Лиза внимательно посмотрела на Антонину Андреевну: действительно, дура. Ей раньше не приходило в голову, что учительница может быть дурой. А на дурацкие вопросы отвечать необязательно.
Девятнадцатого апреля вступали в пионеры. Лиза весь учебный год мучительно размышляла, должна ли она сказать, что ей не место в пионерии.
Летом мама с тетей Надей надумали крестить ее. Лиза сопротивлялась, но мама испуганно твердила:
- Мне приснился сон.
Ей приснилась покойная мать, Лизина бабушка. Бабушка сказала маме:
- К Вальке приехал батюшка, крестит на дому. Покрести ребенка.
Мама позвонила сестре Вале, которая жила в соседней области. Та удивилась, никакой батюшка к ней не приехал. Но сходила в церковь и договорилась с местным попом. Лиза запомнила множество свечей, душный сладковатый запах и плачущих младенцев в церкви. Ей казалось, что она провалилась в тяжкий сумбурный сон и никак не может из него выплыть. Она не должна быть в церкви, она атеистка. Батюшка протянул ей крест для поцелуя, Лиза отпрянула назад. Тогда батюшка нахмурился и ткнул ей крестом в губы. Когда вышли из церкви, тетя Надя сказала ей:
- Теперь я твоя вторая мама.
Она стала ее крестной. За праздничным столом у тети Вали и в электричке, когда возвращались домой, мама все время повторяла:
- У меня словно камень с души свалился, стало светло-светло.
А у Лизы, наоборот, на душе кошки скребли. Эта страшная тайна, которой она не могла ни с кем поделиться, тяготила ее. Если бы можно было подойти к учителю и рассказать ей, как все произошло, она бы обязательно это сделала. Но как подойти к Антонине Андреевне, которая каждый понедельник спрашивает ее перед классом:
- Папенька-то попивает?
И Лиза молчала. Когда Верка позвала ее в сестренки, Лиза чуть было не поделилась с ней своей неразрешимой проблемой, но опомнилась. Как рассказать? Она даже слов не могла подобрать. Ведь так не бывает, что ты помимо воли оказываешься вдруг в церкви на обряде собственного крещения. Она представила себе, как Верка спросит ее:
- Разве ты вещь, чтобы тебя так вот взяли и окрестили?
Она не вещь, конечно, но у нее нет права голоса. Раз мама решила ее окрестить, значит, решила. Даже отец делает все, что скажет мама. Молчит или ругается, злится, пытается высказать собственное мнение, но все-таки делает по-маминому. Пусть плохо, против души, спустя рукава или наступив на горло собственной песне, однако делает. Поэтому Лизин атеизм потерпел фиаско. Лизина гордость, сжавшись в комок, болезненно ежилась.

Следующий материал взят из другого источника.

text \<open>Write \<open>c = mu_l\<close> and \<open>N = c I_{m,n,l} - n I_{m,n-1,l}\<close>, so that
  \<open>psi = N / ((1 + x)^n x^m)\<close>, \<open>N(l) = 0\<close> and, by the choice of \<open>l\<close>,
  \<open>N'(x) = c (1 + x)^(n-1) x^m (x - l)\<close>. Differentiating twice gives
  \<open>x^2 (1 + x)^2 psi'' = P psi + c x R\<close> for explicit polynomials \<open>P\<close> and \<open>R\<close>, so convexity
  reduces to \<open>P N + c (1 + x)^n x^(m+1) R \<ge> 0\<close>. Left of \<open>l\<close> every factor is nonnegative;
  right of \<open>l\<close> the quotient of this expression by \<open>P\<close> starts at a nonnegative value and is
  nondecreasing, because the numerator of its derivative has nonnegative coefficients in
  \<open>x - l\<close>, \<open>l\<close>, \<open>n - 1\<close> and \<open>m\<close> (for \<open>m = 0\<close> the quotient is even constant).
  Since \<open>psi(l) = 0\<close> and \<open>psi(a) = b\<close>, convexity puts \<open>psi\<close> below the chord from
  \<open>(l, 0)\<close> to \<open>(a, b)\<close>, hence below the line \<open>b x / a\<close>; when \<open>l = 0\<close> the missing
  endpoint is replaced by the bound \<open>psi(y) \<le> c y^2\<close> near \<open>0\<close>.\<close>

definition binom_antideriv :: "nat \<Rightarrow> nat \<Rightarrow> real \<Rightarrow> real" where
  "binom_antideriv m j x = (\<Sum>i\<le>j. real (j choose i) * x ^ (i + m + 1) / real (i + m + 1))"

И Верке Лиза тоже ни в чем не призналась. У сестренок, наверное, не бывает тайн друг от друга, но Лиза не смогла переступить через себя, застыла в своей гордыне. Она страстно хотела тепла и душевной близости хотя бы с одним человеком в мире, но казалась себе настолько запутавшимся существом, что поневоле отстранялась от людей, чтобы не утомлять их хождением по закоулкам своей души. Слишком сложный лабиринт, не стоит никого туда пускать.
В пионеры их принимали в единственном в городе кинотеатре, на сцене. Лиза смотрела в глаза повязывавшему ей галстук мальчику так отчаянно, что он улыбнулся и сказал:
- Держи хвост пистолетом.
Ей еще никто так не говорил, так просто и по-дружески. Лиза улыбнулась.
***
Когда мама родила Любочку, Лизе было четырнадцать. Она с удивлением разглядывала сестру, маленькую копию отца и свою собственную. Казалось, только в этот момент Лиза осознала, что повторила отца внешне и внутренне. Тошнота подкатила к горлу, девочка побледнела.
- Трое, теперь нас трое, - с отвращением подумала Лиза.
Любочка росла другая, живая и быстрая, со смешливыми озорными глазами. Просыпалась и улыбалась каждому, кто подходил к ее кроватке. Щебетала, как птица. Она доверяла миру.
- Ты вырвалась, - шептала Лиза сестренке в самое ушко, - у тебя получилось. Молодец!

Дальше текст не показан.